The way in which we divide the day into hours and minutes, as well as the structure and length of the yearly calendar, owes much to pioneering developments in ancient Egypt.
Since Egyptian life and agriculture depended upon the annual flooding of the Nile, it was important to determine when such floods would begin. The early Egyptians noted that the beginning of akhet (inundation) occurred at the helical rising4 of a star they called Serpet (Sirius). It has been calculated that this sidereal year was only 12 minutes longer than the mean tropical year which influenced the flooding, and this produced a difference of only 25 days over the whole of Ancient Egypt's recorded history!
Ancient Egypt was run according to three different calendars. The first was a lunar calendar based on 12 lunar months, each of which began on the first day in which the old moon crescent was no longer visible in the East at dawn. (This is most unusual since other civilizations of that era are known to have started months with the first siting of the new crescent!) A thirteenth month was intercalated5 to maintain a link to the helical rising of Serpet. This calendar was used for religious festivals.

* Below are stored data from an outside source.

(* Let $\{x^k\}$ be generated by the ABP algorithm described in the context and assume (A1)–(A6), (A7'), (A8): (A1) $\mathcal F$ is continuously differentiable; (A2) $C$, $Q$ nonempty closed convex, $z_i^*>-\infty$ for each $i$; (A3) each $f_i$ convex; (A4) $\Omega\ne\emptyset$; (A5) $\lambda_k>0$, $\sum\lambda_k=\infty$, $\sum\lambda_k^2<\infty$; (A6) $0<\underline\alpha\le\alpha_k\le\bar\alpha$, $0<\underline\beta\le\beta_k\le\bar\beta$, $0<\underline\gamma\le\gamma_k\le\bar\gamma$ for all $k$; (A7') $\sigma:=\varphi^*-\varphi_{\mathrm{lb}}\le\varepsilon_0$ for a known constant $\varepsilon_0\ge0$; (A8) $\sup_k\|x^k\|\le B<\infty$. Then for every $x^*\in\Omega$ and all $k\ge0$, $$\|x^{k+1}-x^*\|^2\le\|x^k-x^*\|^2-\frac{2\lambda_k}{\eta_k}\Phi_k+\frac{2\bar\alpha\sigma}{\mu}\lambda_k+\lambda_k^2.$$
   Context: Let $n,m\ge1$, $\mathcal F=(f_1,\dots,f_m)\colon\mathbb R^n\to\mathbb R^m$, $C\subset\mathbb R^n$, $Q\subset\mathbb R^m$, $Q^+:=Q-\mathbb R^m_+=\{y-u:y\in Q,u\in\mathbb R^m_+\}$; $P_S$ is Euclidean projection onto a nonempty closed convex set $S$. Let $z_i^*:=\inf_{x\in C}f_i(x)$, fix $r$ with $r_i>0$, $\sum r_i=1$. Define $\varphi(x):=\max_ir_i(f_i(x)-z_i^* )$, $H(x):=\tfrac12\mathrm{dist}^2(x,C)$, $G(x):=\tfrac12\mathrm{dist}^2(\mathcal F(x),Q^+)$, $\mathcal S:=\{x:H(x)=0,G(x)=0\}$, $\varphi^*:=\inf_{\mathcal S}\varphi$, $\Omega:=\{x\in\mathcal S:\varphi(x)=\varphi^*\}$, $\varphi_{\mathrm{lb}}:=\inf_C\varphi$. ABP algorithm: given $x^0$, $\mu>0$, positive sequences $\{\alpha_k\},\{\beta_k\},\{\gamma_k\},\{\lambda_k\}$: $p^k:=P_{Q^+}(\mathcal F(x^k))$, $\rho^k:=\mathcal F(x^k)-p^k$, $z^k:=x^k-P_C(x^k)$, $v^k:=J_{\mathcal F}(x^k)^T\rho^k$, $w^k:=r_{i^*}\nabla f_{i^*}(x^k)$ with arbitrary $i^*\in\arg\max_ir_i(f_i(x^k)-z_i^* )$, $\Delta_k:=\varphi(x^k)-\varphi_{\mathrm{lb}}$, $d^k:=\alpha_k\mathbf 1_{\{\Delta_k\ge0\}}w^k+\beta_kz^k+\gamma_kv^k$, $\eta_k:=\max(\mu,\|d^k\|)$, $x^{k+1}:=x^k-(\lambda_k/\eta_k)d^k$. Notation: $H_k:=H(x^k)$, $G_k:=G(x^k)$, $\Delta_k^+:=\max(\Delta_k,0)$, $\Phi_k:=\alpha_k\Delta_k^++\beta_kH_k+\gamma_kG_k$. *)

theory Defs
  imports "HOL-Analysis.Analysis"
begin

definition Qplus :: "(real^'m) set \<Rightarrow> (real^'m) set" where
  "Qplus Q = {y - u | y u. y \<in> Q \<and> (\<forall>i. 0 \<le> u $ i)}"

definition zstar :: "(real^'n \<Rightarrow> real^'m) \<Rightarrow> (real^'n) set \<Rightarrow> 'm \<Rightarrow> real" where
  "zstar F C i = Inf ((\<lambda>x. F x $ i) ` C)"

definition phi :: "(real^'n \<Rightarrow> real^'m) \<Rightarrow> (real^'n) set \<Rightarrow> real^'m \<Rightarrow> real^'n \<Rightarrow> real" where
  "phi F C r x = Max (range (\<lambda>i::'m. r $ i * (F x $ i - zstar F C i)))"

definition Hfun :: "(real^'n) set \<Rightarrow> real^'n \<Rightarrow> real" where
  "Hfun C x = (1/2) * (infdist x C)\<^sup>2"

definition Gfun :: "(real^'n \<Rightarrow> real^'m) \<Rightarrow> (real^'m) set \<Rightarrow> real^'n \<Rightarrow> real" where
  "Gfun F Q x = (1/2) * (infdist (F x) (Qplus Q))\<^sup>2"

definition feas :: "(real^'n \<Rightarrow> real^'m) \<Rightarrow> (real^'n) set \<Rightarrow> (real^'m) set \<Rightarrow> (real^'n) set" where
  "feas F C Q = {x. Hfun C x = 0 \<and> Gfun F Q x = 0}"

definition phistar :: "(real^'n \<Rightarrow> real^'m) \<Rightarrow> (real^'n) set \<Rightarrow> (real^'m) set \<Rightarrow> real^'m \<Rightarrow> real" where
  "phistar F C Q r = Inf (phi F C r ` feas F C Q)"

definition Omega :: "(real^'n \<Rightarrow> real^'m) \<Rightarrow> (real^'n) set \<Rightarrow> (real^'m) set \<Rightarrow> real^'m \<Rightarrow> (real^'n) set" where
  "Omega F C Q r = {x \<in> feas F C Q. phi F C r x = phistar F C Q r}"

definition philb :: "(real^'n \<Rightarrow> real^'m) \<Rightarrow> (real^'n) set \<Rightarrow> real^'m \<Rightarrow> real" where
  "philb F C r = Inf (phi F C r ` C)"

end

theory Submission
  imports Defs
begin

(* Expanding the square of the step gives
   |x(k+1) - x*|^2 = |x(k) - x*|^2 - 2 (lam/eta) <d, x(k) - x*> + (lam/eta)^2 |d|^2,
   and |d| <= eta bounds the last term by lam^2.  The cross term is at least
   Phi - ahi sigma, by one first-order fact per component of d: convexity of f_{i*}
   gives <w, x(k) - x*> >= Delta - sigma; the projection inequality for C gives
   <z, x(k) - x*> >= 2 H; the projection inequality for Q^+, the nonnegativity of
   the residual rho (Q^+ is closed under decreasing coordinates) and the convexity
   of every f_i give <v, x(k) - x*> >= 2 G.  Finally lam/eta <= lam/mu. *)

lemma nearest_point_dot_closure:
  fixes S :: "'a::real_inner set"
  assumes "convex S" "p \<in> S" "\<forall>z\<in>S. dist a p \<le> dist a z" "y \<in> closure S"
  shows "(a - p) \<bullet> (y - p) \<le> 0"
proof -
  have "closure S \<subseteq> {z. dist a p \<le> dist a z}"
    using assms(3) by (intro closure_minimal closed_Collect_le continuous_intros) auto
  then show ?thesis
    using any_closest_point_dot[OF convex_closure[OF assms(1)] closed_closure]
      closure_subset assms(2,4) by blast
qed

lemma infdist_eq_dist_nearest:
  assumes "p \<in> A" "\<forall>y\<in>A. dist a p \<le> dist a y"
  shows "infdist a A = dist a p"
proof (rule antisym)
  show "infdist a A \<le> dist a p"
    using assms(1) by (rule infdist_le)
  have "A \<noteq> {}"
    using assms(1) by blast
  then show "dist a p \<le> infdist a A"
    unfolding infdist_notempty[OF \<open>A \<noteq> {}\<close>] using assms(2) by (intro cINF_greatest) auto
qed

lemma convex_on_above_tangent:
  fixes f :: "'a::real_normed_vector \<Rightarrow> real"
  assumes cvx: "convex_on UNIV f" and der: "(f has_derivative f') (at x)"
  shows "f' (y - x) \<le> f y - f x"
proof -
  define g where "g = (\<lambda>t::real. f (x + t *\<^sub>R (y - x)))"
  have "convex_on UNIV g"
  proof (rule convex_onI)
    fix t a b :: real
    assume "0 < t" "t < 1"
    have "x + ((1 - t) *\<^sub>R a + t *\<^sub>R b) *\<^sub>R (y - x)
        = (1 - t) *\<^sub>R (x + a *\<^sub>R (y - x)) + t *\<^sub>R (x + b *\<^sub>R (y - x))"
      by (simp add: algebra_simps)
    then show "g ((1 - t) *\<^sub>R a + t *\<^sub>R b) \<le> (1 - t) * g a + t * g b"
      unfolding g_def using convex_onD[OF cvx, of t] \<open>0 < t\<close> \<open>t < 1\<close> by auto
  qed simp
  moreover have "(g has_field_derivative f' (y - x)) (at 0)"
  proof -
    have "((\<lambda>t::real. x + t *\<^sub>R (y - x)) has_derivative (\<lambda>t. t *\<^sub>R (y - x))) (at 0)"
      by (auto intro!: derivative_eq_intros)
    from diff_chain_at[OF this, of f f'] der
    have "(g has_derivative (\<lambda>t. f' (t *\<^sub>R (y - x)))) (at 0)"
      by (simp add: g_def o_def)
    moreover have "(\<lambda>t. f' (t *\<^sub>R (y - x))) = (*) (f' (y - x))"
      using linear_scale[OF has_derivative_linear[OF der]] by (auto simp: mult.commute)
    ultimately show ?thesis
      by (simp add: has_field_derivative_def)
  qed
  ultimately have "f' (y - x) * (1 - 0) \<le> g 1 - g 0"
    by (intro convex_on_imp_above_tangent) auto
  then show ?thesis
    by (simp add: g_def)
qed

lemma convex_component_diff_le_derivative:
  fixes F :: "'a::real_normed_vector \<Rightarrow> real^'m"
  assumes "convex_on UNIV (\<lambda>y. F y $ i)" "(F has_derivative F') (at x)"
  shows "F x $ i - F y $ i \<le> F' (x - y) $ i"
proof -
  have "((\<lambda>y. F y $ i) has_derivative (\<lambda>h. F' h $ i)) (at x)"
    using bounded_linear.has_derivative[OF bounded_linear_vec_nth assms(2)] .
  from convex_on_above_tangent[OF assms(1) this, of y]
  have "F' (y - x) $ i \<le> F y $ i - F x $ i" .
  moreover have "F' (y - x) = - F' (x - y)"
    using linear_diff[OF has_derivative_linear[OF assms(2)]] by (metis minus_diff_eq)
  ultimately show ?thesis
    by simp
qed

lemma inner_transpose_jacobian:
  fixes f :: "real^'n \<Rightarrow> 'b::real_inner"
  assumes "linear f"
  shows "(\<chi> j. y \<bullet> f (axis j 1)) \<bullet> h = y \<bullet> f h"
proof -
  have "f h = f (\<Sum>j\<in>UNIV. h $ j *\<^sub>R axis j 1)"
    using basis_expansion[of h] by (simp add: scalar_mult_eq_scaleR)
  also have "\<dots> = (\<Sum>j\<in>UNIV. h $ j *\<^sub>R f (axis j 1))"
    using assms by (simp add: linear_sum linear_scale)
  finally show ?thesis
    by (simp add: inner_vec_def inner_sum_right mult.commute)
qed
lemma ennreal_le_powr_of_le_powr_plus_inverse:
  fixes Q :: ennreal
  assumes "\<And>m. Q \<le> ennreal ((a + 1 / Suc m) powr r)" "0 \<le> a" "0 < r"
  shows "Q \<le> ennreal (a powr r)"
proof -
  have "(\<lambda>m. a + 1 / real (Suc m)) \<longlonglongrightarrow> a + 0"
    by (intro tendsto_add tendsto_const LIMSEQ_Suc[OF lim_inverse_n'])
  then have "(\<lambda>m. (a + 1 / real (Suc m)) powr r) \<longlonglongrightarrow> a powr r"
    using assms by (intro tendsto_powr') (auto intro!: always_eventually)
  then have "(\<lambda>m. ennreal ((a + 1 / real (Suc m)) powr r)) \<longlonglongrightarrow> ennreal (a powr r)"
    by (rule tendsto_ennrealI)
  then show ?thesis by (rule LIMSEQ_le_const) (use assms in auto)
qed

context filtered_space
begin

lemma E_ennpow_suminf_le_weighted:
  fixes v :: "'a \<Rightarrow> real" and u :: "nat \<Rightarrow> 'a \<Rightarrow> ennreal" and c :: "nat \<Rightarrow> 'a \<Rightarrow> real"
  assumes r: "1 \<le> r" and [measurable]: "v \<in> borel_measurable M" "\<And>k. u k \<in> borel_measurable M"
    "\<And>k. c k \<in> borel_measurable (F n)"
    and c: "\<And>k x. 0 < c k x" "\<And>x. (\<lambda>k. c k x) sums 1"
  shows "AE x in M. E n (\<lambda>y. ennreal (v y) * ennpow (\<Sum>k. u k y) r) x
    \<le> (\<Sum>k. ennreal (c k x powr (1 - r)) * E n (\<lambda>y. ennreal (v y) * ennpow (u k y) r) x)"
proof -
  define d where "d = (\<lambda>k x. ennreal (c k x powr (1 - r)))"
  have [measurable]: "d k \<in> borel_measurable (F n)" for k unfolding d_def by measurable
  then have [measurable]: "d k \<in> borel_measurable M" for k by (rule measurable_F_M)
  have "AE x in M. E n (\<lambda>y. ennreal (v y) * ennpow (\<Sum>k. u k y) r) x
      \<le> E n (\<lambda>y. \<Sum>k. d k y * (ennreal (v y) * ennpow (u k y) r)) x"
  proof (rule E_mono)
    show "AE x in M. ennreal (v x) * ennpow (\<Sum>k. u k x) r \<le> (\<Sum>k. d k x * (ennreal (v x) * ennpow (u k x) r))"
    proof (rule AE_I2)
      fix x
      have "ennreal (v x) * ennpow (\<Sum>k. u k x) r \<le> ennreal (v x) * (\<Sum>k. d k x * ennpow (u k x) r)"
        unfolding d_def by (intro mult_left_mono ennpow_suminf_le_weighted r c) auto
      then show "ennreal (v x) * ennpow (\<Sum>k. u k x) r \<le> (\<Sum>k. d k x * (ennreal (v x) * ennpow (u k x) r))"
        by (simp add: ennreal_suminf_cmult[symmetric] mult_ac del: ennreal_suminf_cmult)
    qed
  qed measurable
  moreover have "AE x in M. E n (\<lambda>y. \<Sum>k. d k y * (ennreal (v y) * ennpow (u k y) r)) x =
      (\<Sum>k. E n (\<lambda>y. d k y * (ennreal (v y) * ennpow (u k y) r)) x)"
    by (rule E_suminf) measurable
  moreover have "AE x in M. \<forall>k. E n (\<lambda>y. d k y * (ennreal (v y) * ennpow (u k y) r)) x
      = d k x * E n (\<lambda>y. ennreal (v y) * ennpow (u k y) r) x"
    unfolding AE_all_countable
  proof
    fix k
    show "AE x in M. E n (\<lambda>y. d k y * (ennreal (v y) * ennpow (u k y) r)) x
        = d k x * E n (\<lambda>y. ennreal (v y) * ennpow (u k y) r) x"
      using E_prod[of "d k" n "\<lambda>y. ennreal (v y) * ennpow (u k y) r"] by (auto elim: AE_mp)
  qed
  ultimately show ?thesis by eventually_elim (simp add: d_def)
qed

text \<open>Minkowski's inequality in \<open>L\<^sup>r(v)\<close> conditioned on \<open>F n\<close>, up to \<open>\<epsilon>\<close>: choose
  \<open>F n\<close>-measurable weights proportional to the conditional norms of the terms, perturbed by \<open>\<epsilon>\<close>.\<close>

lemma E_minkowski_suminf_perturbed:
  fixes v :: "'a \<Rightarrow> real" and u :: "nat \<Rightarrow> 'a \<Rightarrow> ennreal" and r \<epsilon> :: real and n :: nat
  assumes r: "1 \<le> r" and [measurable]: "v \<in> borel_measurable M" "\<And>k. u k \<in> borel_measurable M"
    and \<epsilon>: "0 < \<epsilon>"
  defines "N \<equiv> \<lambda>x. \<Sum>k. ennpow (E n (\<lambda>y. ennreal (v y) * ennpow (u k y) r) x) (1/r)"
  shows "AE x in M. N x < \<top> \<longrightarrow>
    E n (\<lambda>y. ennreal (v y) * ennpow (\<Sum>k. u k y) r) x \<le> ennreal ((enn2real (N x) + \<epsilon>) powr r)"
proof -
  define P where "P = (\<lambda>k. E n (\<lambda>y. ennreal (v y) * ennpow (u k y) r))"
  have [measurable]: "P k \<in> borel_measurable (F n)" for k unfolding P_def by measurable
  have [measurable]: "N \<in> borel_measurable (F n)" unfolding N_def by measurable
  define a where "a = (\<lambda>k x. enn2real (ennpow (P k x) (1/r)))"
  define c where "c = (\<lambda>k x. if N x < \<top> then (a k x + \<epsilon> * (1/2)^Suc k) / (enn2real (N x) + \<epsilon>)
      else (1/2)^Suc k)"
  have a_sums: "(\<lambda>k. a k x) sums enn2real (N x)" if "N x < \<top>" for x
    unfolding a_def N_def P_def by (rule sums_enn2real) (use that in \<open>simp add: N_def\<close>)
  have c_pos: "0 < c k x" for k x
    using \<epsilon> by (simp add: c_def a_def add_nonneg_pos)
  have c_sums: "(\<lambda>k. c k x) sums 1" for x
  proof (cases "N x < \<top>")
    case True
    then show ?thesis using perturbed_weights_sums[OF a_sums[OF True] _ \<epsilon>] by (simp add: c_def)
  next
    case False
    then show ?thesis using power_half_series by (simp add: c_def)
  qed
  have c_meas: "c k \<in> borel_measurable (F n)" for k unfolding c_def a_def by measurable
  have "AE x in M. E n (\<lambda>y. ennreal (v y) * ennpow (\<Sum>k. u k y) r) x \<le> (\<Sum>k. ennreal (c k x powr (1 - r)) * P k x)"
    unfolding P_def by (rule E_ennpow_suminf_le_weighted[OF r assms(2,3) c_meas c_pos c_sums])
  then show ?thesis
  proof eventually_elim
    case (elim x)
    show ?case
    proof
      assume fin: "N x < \<top>"
      have P_eq: "P k x = ennreal (a k x powr r)" for k
      proof -
        have "ennpow (P k x) (1/r) \<le> N x"
          unfolding N_def P_def using sum_le_suminf[OF summableI, of "{k}"] by simp
        then have "ennpow (P k x) (1/r) < \<top>" using fin by (rule le_less_trans)
        then show ?thesis
          using r by (simp add: a_def ennpow_ennreal[symmetric] ennpow_ennpow less_top)
      qed
      note elim
      also have "(\<Sum>k. ennreal (c k x powr (1 - r)) * P k x) =
          (\<Sum>k. ennreal (((a k x + \<epsilon> * (1/2)^Suc k) / (enn2real (N x) + \<epsilon>)) powr (1 - r))
            * ennreal (a k x powr r))"
        using fin by (simp only: P_eq c_def if_True)
      also have "\<dots> \<le> ennreal ((enn2real (N x) + \<epsilon>) powr r)"
        by (rule suminf_perturbed_weights_le[OF r _ a_sums[OF fin] \<epsilon>]) (simp add: a_def)
      finally show "E n (\<lambda>y. ennreal (v y) * ennpow (\<Sum>k. u k y) r) x \<le> ennreal ((enn2real (N x) + \<epsilon>) powr r)" .
    qed
  qed
qed

lemma E_minkowski_suminf:
  fixes v :: "'a \<Rightarrow> real" and u :: "nat \<Rightarrow> 'a \<Rightarrow> ennreal" and r :: real
  assumes r: "1 \<le> r" and [measurable]: "v \<in> borel_measurable M" "\<And>k. u k \<in> borel_measurable M"
  shows "AE x in M. ennpow (E n (\<lambda>y. ennreal (v y) * ennpow (\<Sum>k. u k y) r) x) (1/r)
      \<le> (\<Sum>k. ennpow (E n (\<lambda>y. ennreal (v y) * ennpow (u k y) r) x) (1/r))"
proof -
  define N where "N = (\<lambda>x. \<Sum>k. ennpow (E n (\<lambda>y. ennreal (v y) * ennpow (u k y) r) x) (1/r))"
  define Q where "Q = E n (\<lambda>y. ennreal (v y) * ennpow (\<Sum>k. u k y) r)"
  have "AE x in M. \<forall>m. N x < \<top> \<longrightarrow> Q x \<le> ennreal ((enn2real (N x) + 1 / real (Suc m)) powr r)"
    unfolding AE_all_countable N_def Q_def by (intro allI E_minkowski_suminf_perturbed r) auto
  then show ?thesis
  proof eventually_elim
    case (elim x)
    show ?case
    proof (cases "N x < \<top>")
      case False
      then show ?thesis by (simp add: N_def not_less top_unique)
    next
      case True
      have "Q x \<le> ennreal (enn2real (N x) powr r)"
        by (rule ennreal_le_powr_of_le_powr_plus_inverse) (use elim True r in auto)
      then have "ennpow (Q x) (1/r) \<le> ennpow (ennreal (enn2real (N x) powr r)) (1/r)"
        using r by (intro ennpow_mono) auto
      also have "\<dots> = N x"
        using True r by (simp add: ennpow_ennreal powr_powr less_top)
      finally show ?thesis by (simp add: Q_def N_def)
    qed
  qed
qed

end

context filtered_space
begin

definition root_max_op :: "('a \<Rightarrow> real) \<Rightarrow> real \<Rightarrow> ('a \<Rightarrow> ennreal) \<Rightarrow> 'a \<Rightarrow> ennreal" where
  "root_max_op v r u x =
    ennpow (doob_max (\<lambda>y. ennreal (v y) * ennpow (u y) r) x) (1/r) * ennreal (v x powr (- 1/r))"

lemma borel_measurable_root_max_op[measurable]:
  "v \<in> borel_measurable M \<Longrightarrow> root_max_op v r u \<in> borel_measurable M"
  unfolding root_max_op_def by measurable

lemma root_max_op_suminf_le:
  assumes r: "1 \<le> r" and [measurable]: "v \<in> borel_measurable M" "\<And>k. u k \<in> borel_measurable M"
  shows "AE x in M. root_max_op v r (\<lambda>y. \<Sum>k. u k y) x \<le> (\<Sum>k. root_max_op v r (u k) x)"
proof -
  have r0: "0 < 1/r" using r by simp
  have "AE x in M. \<forall>n. ennpow (E n (\<lambda>y. ennreal (v y) * ennpow (\<Sum>k. u k y) r) x) (1/r)
      \<le> (\<Sum>k. ennpow (E n (\<lambda>y. ennreal (v y) * ennpow (u k y) r) x) (1/r))"
    unfolding AE_all_countable using E_minkowski_suminf[OF r] by auto
  then show ?thesis
  proof eventually_elim
    case (elim x)
    have "root_max_op v r (\<lambda>y. \<Sum>k. u k y) x
        = (SUP n. ennpow (E n (\<lambda>y. ennreal (v y) * ennpow (\<Sum>k. u k y) r) x) (1/r)) * ennreal (v x powr (- 1/r))"
      unfolding root_max_op_def doob_max_def by (simp add: ennpow_SUP[OF r0])
    also have "\<dots> \<le> (SUP n. (\<Sum>k. ennpow (E n (\<lambda>y. ennreal (v y) * ennpow (u k y) r) x) (1/r)))
        * ennreal (v x powr (- 1/r))"
      by (intro mult_right_mono SUP_mono) (use elim in auto)
    also have "\<dots> \<le> (\<Sum>k. (SUP n. ennpow (E n (\<lambda>y. ennreal (v y) * ennpow (u k y) r) x) (1/r)))
        * ennreal (v x powr (- 1/r))"
      by (intro mult_right_mono SUP_least suminf_le SUP_upper) auto
    also have "\<dots> = (\<Sum>k. root_max_op v r (u k) x)"
      unfolding root_max_op_def doob_max_def by (simp add: ennpow_SUP[OF r0] ennreal_suminf_multc)
    finally show ?case .
  qed
qed

lemma root_max_op_cmult:
  assumes r: "1 \<le> r" and [measurable]: "v \<in> borel_measurable M" "u \<in> borel_measurable M" and c: "0 \<le> c"
  shows "AE x in M. root_max_op v r (\<lambda>y. ennreal c * u y) x = ennreal c * root_max_op v r u x"
proof -
  have "AE x in M. \<forall>n. E n (\<lambda>y. ennreal (v y) * ennpow (ennreal c * u y) r) x
      = ennreal (c powr r) * E n (\<lambda>y. ennreal (v y) * ennpow (u y) r) x"
    unfolding AE_all_countable
  proof
    fix n
    have "(\<lambda>y. ennreal (v y) * ennpow (ennreal c * u y) r)
        = (\<lambda>y. ennreal (c powr r) * (ennreal (v y) * ennpow (u y) r))"
      using r c by (auto simp: ennpow_mult ennpow_ennreal mult_ac)
    then show "AE x in M. E n (\<lambda>y. ennreal (v y) * ennpow (ennreal c * u y) r) x
        = ennreal (c powr r) * E n (\<lambda>y. ennreal (v y) * ennpow (u y) r) x"
      using E_cmult[of "\<lambda>y. ennreal (v y) * ennpow (u y) r" n "ennreal (c powr r)"] by simp
  qed
  then show ?thesis
  proof eventually_elim
    case (elim x)
    have r0: "0 < 1/r" using r by simp
    have "root_max_op v r (\<lambda>y. ennreal c * u y) x
        = ennpow (ennreal (c powr r) * doob_max (\<lambda>y. ennreal (v y) * ennpow (u y) r) x) (1/r)
          * ennreal (v x powr (- 1/r))"
      unfolding root_max_op_def doob_max_def by (simp add: elim SUP_mult_left_ennreal)
    also have "\<dots> = ennreal c * root_max_op v r u x"
      using r c r0 by (simp add: root_max_op_def ennpow_mult ennpow_ennreal powr_powr mult_ac)
    finally show ?case .
  qed
qed

lemma E_le_of_root_max_op_le:
  assumes r: "1 \<le> r" and [measurable]: "v \<in> borel_measurable M" "U \<in> borel_measurable M"
    and v: "\<And>x. x \<in> space M \<Longrightarrow> 0 < v x" and K: "0 \<le> K"
    and bd: "AE x in M. root_max_op v r U x \<le> ennreal K * U x"
  shows "AE x in M. E n (\<lambda>y. ennreal (v y) * ennpow (U y) r) x
    \<le> ennreal (K powr r) * (ennreal (v x) * ennpow (U x) r)"
  using bd AE_space
proof eventually_elim
  case (elim x)
  have v0: "0 < v x" using v elim by simp
  have one: "ennreal (v x powr (- 1/r)) * ennreal (v x powr (1/r)) = 1"
    using v0 by (simp add: ennreal_mult[symmetric] powr_add[symmetric] del: ennreal_mult)
  have "ennpow (doob_max (\<lambda>y. ennreal (v y) * ennpow (U y) r) x) (1/r)
      = root_max_op v r U x * ennreal (v x powr (1/r))"
    unfolding root_max_op_def mult.assoc one by simp
  also have "\<dots> \<le> ennreal K * U x * ennreal (v x powr (1/r))"
    by (intro mult_right_mono elim) auto
  finally have "ennpow (ennpow (doob_max (\<lambda>y. ennreal (v y) * ennpow (U y) r) x) (1/r)) r
      \<le> ennpow (ennreal K * U x * ennreal (v x powr (1/r))) r"
    using r by (intro ennpow_mono) auto
  then have "doob_max (\<lambda>y. ennreal (v y) * ennpow (U y) r) x
      \<le> ennreal (K powr r) * (ennreal (v x) * ennpow (U x) r)"
    using r K v0 by (simp add: ennpow_ennpow ennpow_mult ennpow_ennreal powr_powr mult_ac)
  then show ?case unfolding doob_max_def by (rule order_trans[rotated]) (rule SUP_upper, simp)
qed


lemma E_le_of_root_max_op_le_real:
  assumes r: "1 \<le> r" and [measurable]: "v \<in> borel_measurable M" "U \<in> borel_measurable M"
    "Ur \<in> borel_measurable M"
    and v: "\<And>x. x \<in> space M \<Longrightarrow> 0 < v x" and Ur: "\<And>x. 0 < Ur x"
    and U_Ur: "AE x in M. U x = ennreal (Ur x)" and K: "0 \<le> K"
    and bd: "AE x in M. root_max_op v r U x \<le> ennreal K * U x"
  shows "AE x in M. E n (\<lambda>y. ennreal (v y * Ur y powr r)) x
    \<le> ennreal (K powr r) * ennreal (v x * Ur x powr r)"
proof -
  have "AE x in M. E n (\<lambda>y. ennreal (v y) * ennpow (U y) r) x
      \<le> ennreal (K powr r) * (ennreal (v x) * ennpow (U x) r)"
    by (rule E_le_of_root_max_op_le[OF r assms(2,3) v K bd])
  moreover have Ur_eq: "AE x in M. ennreal (v x * Ur x powr r) = ennreal (v x) * ennpow (U x) r"
    using U_Ur AE_space
  proof eventually_elim
    case (elim x)
    then show ?case using v[of x] Ur[of x] by (simp add: ennpow_ennreal ennreal_mult)
  qed
  moreover have "AE x in M. E n (\<lambda>y. ennreal (v y * Ur y powr r)) x = E n (\<lambda>y. ennreal (v y) * ennpow (U y) r) x"
    by (rule E_cong[OF Ur_eq]) measurable
  ultimately show ?thesis by eventually_elim simp
qed
end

The second calendar, used for administrative purposes, was based on the observation that there was usually 365 days between the helical rising of Serpet. This civil calendar was split into twelve months of 30 days with an additional five epagomenal6 days attached at the end of the year. These additional five days were considered to be unlucky. Although there is no firm archaeological evidence, a detailed back calculation suggests that the Egyptian civil calendar dates back to c. 2900 BCE.
This 365 day calendar is also known as a wandering calendar, from the Latin name annus vagus since it slowly gets out of synchronization with the solar year. (Other wandering calendars include the Islamic year.)
A third calendar, which dates back at least to the fourth century BCE was used to match the lunar cycle to the civil year. It was based on a period of 25 civil years which was approximately equal 309 lunar months.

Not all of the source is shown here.